Data records section start

(* Let $\mathbf L=\{L_1,\dots,L_n\}$ be a finite multiset of positive rationals, $k\in\mathbb N_{>0}$, $I\subseteq[1..n]$, and $f_l,f_u:I\to\mathbb N_{>0}$ such that (i) for every $i\in I$: $f_l(i)=1$ or $L_i/(f_l(i)-1)$ is infeasible; (ii) for every $i\in I$: $L_i/f_u(i)$ is feasible; (iii) for every $i'\in[1..n]\setminus I$: $L_{i'}$ is feasible but $L_{i'}\neq l^\star$. Then $l^\star\in\mathcal C(I,f_l,f_u)$.
   Context: For $l\in\mathbb Q_{>0}$: $m(l)=\sum_{i=1}^n\lfloor L_i/l\rfloor$, $c(l)=\sum_{i=1}^n(\lceil L_i/l\rceil-1)$; $l$ is feasible if $m(l)\ge k$. The optimal cut length $l^\star$ is the feasible length minimizing $c$ among feasible lengths (it exists, is unique, and equals the largest feasible length). For $I\subseteq[1..n]$ and $f_l:I\to\mathbb N$, $f_u:I\to\mathbb N\cup\{\infty\}$, the candidate multiset is $\mathcal C(I,f_l,f_u)=\biguplus_{i\in I}\{L_i/j : j\in\mathbb N,\ f_l(i)\le j\le f_u(i)\}$, where each pair $(i,j)$ contributes one occurrence. A triple $(I,f_l,f_u)$ satisfying (i)–(iii) is called an admissible restriction. *)

theory Defs
  imports Complex_Main "HOL-Library.Multiset"
begin

definition m_pieces :: "(nat \<Rightarrow> rat) \<Rightarrow> nat \<Rightarrow> rat \<Rightarrow> int" where
  "m_pieces L n l = (\<Sum>i=1..n. \<lfloor>L i / l\<rfloor>)"

definition c_cuts :: "(nat \<Rightarrow> rat) \<Rightarrow> nat \<Rightarrow> rat \<Rightarrow> int" where
  "c_cuts L n l = (\<Sum>i=1..n. \<lceil>L i / l\<rceil> - 1)"

definition feasible :: "(nat \<Rightarrow> rat) \<Rightarrow> nat \<Rightarrow> nat \<Rightarrow> rat \<Rightarrow> bool" where
  "feasible L n k l \<longleftrightarrow> l > 0 \<and> m_pieces L n l \<ge> int k"

text \<open>The optimal cut length: the feasible length minimizing the number of cuts
  among feasible lengths (the paper asserts existence and uniqueness).\<close>
definition opt_len :: "(nat \<Rightarrow> rat) \<Rightarrow> nat \<Rightarrow> nat \<Rightarrow> rat" where
  "opt_len L n k = (THE l. feasible L n k l \<and>
      (\<forall>l'. feasible L n k l' \<longrightarrow> c_cuts L n l \<le> c_cuts L n l'))"

text \<open>Candidate multiset C(I, f_l, f_u): one occurrence of L i / j for each pair (i, j)
  with i in I and f_l i \<le> j \<le> f_u i (here f_u is finite-valued).\<close>
definition candidates :: "(nat \<Rightarrow> rat) \<Rightarrow> nat set \<Rightarrow> (nat \<Rightarrow> nat) \<Rightarrow> (nat \<Rightarrow> nat) \<Rightarrow> rat multiset" where
  "candidates L I fl fu = (\<Sum>i\<in>I. mset (map (\<lambda>j. L i / of_nat j) [fl i..<Suc (fu i)]))"

end

theory Submission
  imports Defs
begin

text \<open>Both m and c are antitone in l, and m changes only at the breakpoints
  L i / j (i \<le> n, j \<ge> 1). Hence the feasible lengths form a down-set whose supremum is attained
  at a breakpoint L i / j; since c jumps strictly at that breakpoint, this
  greatest feasible length is the optimal one. Condition (iii) forces i \<in> I:
  otherwise L i would be a feasible length \<ge> l*, hence equal to it. Finally
  (ii) and (i), via monotonicity of feasibility, give fl i \<le> j \<le> fu i.\<close>

lemma m_pieces_antimono:
  assumes "\<forall>i\<in>{1..n}. L i > 0" "0 < l" "l \<le> l'"
  shows "m_pieces L n l' \<le> m_pieces L n l"
  unfolding m_pieces_def
proof (intro sum_mono floor_mono)
  fix i assume "i \<in> {1..n}"
  then have "L i > 0" using assms by auto
  then show "L i / l' \<le> L i / l" using assms by (simp add: frac_le)
qed

lemma c_cuts_antimono:
  assumes "\<forall>i\<in>{1..n}. L i > 0" "0 < l" "l \<le> l'"
  shows "c_cuts L n l' \<le> c_cuts L n l"
  unfolding c_cuts_def
proof (intro sum_mono diff_right_mono ceiling_mono)
  fix i assume "i \<in> {1..n}"
  then have "L i > 0" using assms by auto
  then show "L i / l' \<le> L i / l" using assms by (simp add: frac_le)
qed

lemma c_cuts_strict_antimono_at_breakpoint:
  assumes L_pos: "\<forall>i\<in>{1..n}. L i > 0" and "0 < l" "l < l'"
    and i: "i \<in> {1..n}" and breakpoint: "L i / l' = of_int j"
  shows "c_cuts L n l' < c_cuts L n l"
  unfolding c_cuts_def
proof (rule sum_strict_mono_ex1)
  show "\<forall>x\<in>{1..n}. \<lceil>L x / l'\<rceil> - 1 \<le> \<lceil>L x / l\<rceil> - 1"
  proof
    fix x assume "x \<in> {1..n}"
    then have "L x / l' \<le> L x / l"
      using L_pos \<open>0 < l\<close> \<open>l < l'\<close> by (intro divide_left_mono) (auto intro: less_imp_le)
    then show "\<lceil>L x / l'\<rceil> - 1 \<le> \<lceil>L x / l\<rceil> - 1"
      using ceiling_mono by (meson diff_right_mono)
  qed
  have "L i / l' < L i / l"
    using L_pos i \<open>0 < l\<close> \<open>l < l'\<close> by (simp add: divide_strict_left_mono)
  then have "\<lceil>L i / l'\<rceil> < \<lceil>L i / l\<rceil>"
    unfolding breakpoint by (simp add: less_ceiling_iff)
  then show "\<exists>x\<in>{1..n}. \<lceil>L x / l'\<rceil> - 1 < \<lceil>L x / l\<rceil> - 1" using i by force
qed simp

lemma feasible_antimono:
  assumes "\<forall>i\<in>{1..n}. L i > 0" "feasible L n k l'" "0 < l" "l \<le> l'"
  shows "feasible L n k l"
  using assms m_pieces_antimono[of n L l l'] unfolding feasible_def by auto

lemma feasible_div_demand:
  assumes "\<forall>i\<in>{1..n}. L i > 0" "i \<in> {1..n}" "k > 0"
  shows "feasible L n k (L i / of_nat k)"
proof -
  have "int k = \<lfloor>L i / (L i / of_nat k)\<rfloor>" using assms by force
  also have "\<dots> \<le> m_pieces L n (L i / of_nat k)"
    unfolding m_pieces_def using assms
    by (intro member_le_sum) (auto intro!: divide_nonneg_pos less_imp_le)
  finally show ?thesis using assms unfolding feasible_def by simp
qed

lemma le_div_floor_div:
  assumes "0 < l" "1 \<le> \<lfloor>x / l\<rfloor>"
  shows "l \<le> x / of_int \<lfloor>x / l\<rfloor>"
proof -
  have "l * of_int \<lfloor>x / l\<rfloor> \<le> x"
    using \<open>0 < l\<close> by (metis mult.commute of_int_floor_le pos_le_divide_eq)
  then show ?thesis using assms by (simp add: pos_le_divide_eq)
qed

lemma le_floor_div_of_le_div:
  assumes "0 < l'" "l' \<le> x / of_int j" "1 \<le> j" "x > 0"
  shows "j \<le> \<lfloor>x / l'\<rfloor>"
proof -
  have "x / (x / of_int j) \<le> x / l'" using assms by (intro frac_le) auto
  then show ?thesis using assms by (simp add: le_floor_iff)
qed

Data records section end

Work instruction: Repeat each record in full; every line must match exactly.

Your solution:
(* Let $\mathbf L=\{L_1,\dots,L_n\}$ be a finite multiset of positive rationals, $k\in\mathbb N_{>0}$, $I\subseteq[1..n]$, and $f_l,f_u:I\to\mathbb N_{>0}$ such that (i) for every $i\in I$: $f_l(i)=1$ or $L_i/(f_l(i)-1)$ is infeasible; (ii) for every $i\in I$: $L_i/f_u(i)$ is feasible; (iii) for every $i'\in[1..n]\setminus I$: $L_{i'}$ is feasible but $L_{i'}\neq l^\star$. Then $l^\star\in\mathcal C(I,f_l,f_u)$.
   Context: For $l\in\mathbb Q_{>0}$: $m(l)=\sum_{i=1}^n\lfloor L_i/l\rfloor$, $c(l)=\sum_{i=1}^n(\lceil L_i/l\rceil-1)$; $l$ is feasible if $m(l)\ge k$. The optimal cut length $l^\star$ is the feasible length minimizing $c$ among feasible lengths (it exists, is unique, and equals the largest feasible length). For $I\subseteq[1..n]$ and $f_l:I\to\mathbb N$, $f_u:I\to\mathbb N\cup\{\infty\}$, the candidate multiset is $\mathcal C(I,f_l,f_u)=\biguplus_{i\in I}\{L_i/j : j\in\mathbb N,\ f_l(i)\le j\le f_u(i)\}$, where each pair $(i,j)$ contributes one occurrence. A triple $(I,f_l,f_u)$ satisfying (i)–(iii) is called an admissible restriction. *)

theory Defs
  imports Complex_Main "HOL-Library.Multiset"
begin

definition m_pieces :: "(nat \<Rightarrow> rat) \<Rightarrow> nat \<Rightarrow> rat \<Rightarrow> int" where
  "m_pieces L n l = (\<Sum>i=1..n. \<lfloor>L i / l\<rfloor>)"

definition c_cuts :: "(nat \<Rightarrow> rat) \<Rightarrow> nat \<Rightarrow> rat \<Rightarrow> int" where
  "c_cuts L n l = (\<Sum>i=1..n. \<lceil>L i / l\<rceil> - 1)"

definition feasible :: "(nat \<Rightarrow> rat) \<Rightarrow> nat \<Rightarrow> nat \<Rightarrow> rat \<Rightarrow> bool" where
  "feasible L n k l \<longleftrightarrow> l > 0 \<and> m_pieces L n l \<ge> int k"

text \<open>The optimal cut length: the feasible length minimizing the number of cuts
  among feasible lengths (the paper asserts existence and uniqueness).\<close>
definition opt_len :: "(nat \<Rightarrow> rat) \<Rightarrow> nat \<Rightarrow> nat \<Rightarrow> rat" where
  "opt_len L n k = (THE l. feasible L n k l \<and>
      (\<forall>l'. feasible L n k l' \<longrightarrow> c_cuts L n l \<le> c_cuts L n l'))"

text \<open>Candidate multiset C(I, f_l, f_u): one occurrence of L i / j for each pair (i, j)
  with i in I and f_l i \<le> j \<le> f_u i (here f_u is finite-valued).\<close>
definition candidates :: "(nat \<Rightarrow> rat) \<Rightarrow> nat set \<Rightarrow> (nat \<Rightarrow> nat) \<Rightarrow> (nat \<Rightarrow> nat) \<Rightarrow> rat multiset" where
  "candidates L I fl fu = (\<Sum>i\<in>I. mset (map (\<lambda>j. L i / of_nat j) [fl i..<Suc (fu i)]))"

end

theory Submission
  imports Defs
begin

text \<open>Both m and c are antitone in l, and m changes only at the breakpoints
  L i / j (i \<le> n, j \<ge> 1). Hence the feasible lengths form a down-set whose supremum is attained
  at a breakpoint L i / j; since c jumps strictly at that breakpoint, this
  greatest feasible length is the optimal one. Condition (iii) forces i \<in> I:
  otherwise L i would be a feasible length \<ge> l*, hence equal to it. Finally
  (ii) and (i), via monotonicity of feasibility, give fl i \<le> j \<le> fu i.\<close>

lemma m_pieces_antimono:
  assumes "\<forall>i\<in>{1..n}. L i > 0" "0 < l" "l \<le> l'"
  shows "m_pieces L n l' \<le> m_pieces L n l"
  unfolding m_pieces_def
proof (intro sum_mono floor_mono)
  fix i assume "i \<in> {1..n}"
  then have "L i > 0" using assms by auto
  then show "L i / l' \<le> L i / l" using assms by (simp add: frac_le)
qed

lemma c_cuts_antimono:
  assumes "\<forall>i\<in>{1..n}. L i > 0" "0 < l" "l \<le> l'"
  shows "c_cuts L n l' \<le> c_cuts L n l"
  unfolding c_cuts_def
proof (intro sum_mono diff_right_mono ceiling_mono)
  fix i assume "i \<in> {1..n}"
  then have "L i > 0" using assms by auto
  then show "L i / l' \<le> L i / l" using assms by (simp add: frac_le)
qed

lemma c_cuts_strict_antimono_at_breakpoint:
  assumes L_pos: "\<forall>i\<in>{1..n}. L i > 0" and "0 < l" "l < l'"
    and i: "i \<in> {1..n}" and breakpoint: "L i / l' = of_int j"
  shows "c_cuts L n l' < c_cuts L n l"
  unfolding c_cuts_def
proof (rule sum_strict_mono_ex1)
  show "\<forall>x\<in>{1..n}. \<lceil>L x / l'\<rceil> - 1 \<le> \<lceil>L x / l\<rceil> - 1"
  proof
    fix x assume "x \<in> {1..n}"
    then have "L x / l' \<le> L x / l"
      using L_pos \<open>0 < l\<close> \<open>l < l'\<close> by (intro divide_left_mono) (auto intro: less_imp_le)
    then show "\<lceil>L x / l'\<rceil> - 1 \<le> \<lceil>L x / l\<rceil> - 1"
      using ceiling_mono by (meson diff_right_mono)
  qed
  have "L i / l' < L i / l"
    using L_pos i \<open>0 < l\<close> \<open>l < l'\<close> by (simp add: divide_strict_left_mono)
  then have "\<lceil>L i / l'\<rceil> < \<lceil>L i / l\<rceil>"
    unfolding breakpoint by (simp add: less_ceiling_iff)
  then show "\<exists>x\<in>{1..n}. \<lceil>L x / l'\<rceil> - 1 < \<lceil>L x / l\<rceil> - 1" using i by force
qed simp

lemma feasible_antimono:
  assumes "\<forall>i\<in>{1..n}. L i > 0" "feasible L n k l'" "0 < l" "l \<le> l'"
  shows "feasible L n k l"
  using assms m_pieces_antimono[of n L l l'] unfolding feasible_def by auto

lemma feasible_div_demand:
  assumes "\<forall>i\<in>{1..n}. L i > 0" "i \<in> {1..n}" "k > 0"
  shows "feasible L n k (L i / of_nat k)"
proof -
  have "int k = \<lfloor>L i / (L i / of_nat k)\<rfloor>" using assms by force
  also have "\<dots> \<le> m_pieces L n (L i / of_nat k)"
    unfolding m_pieces_def using assms
    by (intro member_le_sum) (auto intro!: divide_nonneg_pos less_imp_le)
  finally show ?thesis using assms unfolding feasible_def by simp
qed

lemma le_div_floor_div:
  assumes "0 < l" "1 \<le> \<lfloor>x / l\<rfloor>"
  shows "l \<le> x / of_int \<lfloor>x / l\<rfloor>"
proof -
  have "l * of_int \<lfloor>x / l\<rfloor> \<le> x"
    using \<open>0 < l\<close> by (metis mult.commute of_int_floor_le pos_le_divide_eq)
  then show ?thesis using assms by (simp add: pos_le_divide_eq)
qed

lemma le_floor_div_of_le_div:
  assumes "0 < l'" "l' \<le> x / of_int j" "1 \<le> j" "x > 0"
  shows "j \<le> \<lfloor>x / l'\<rfloor>"
proof -
  have "x / (x / of_int j) \<le> x / l'" using assms by (intro frac_le) auto
  then show ?thesis using assms by (simp add: le_floor_iff)
qed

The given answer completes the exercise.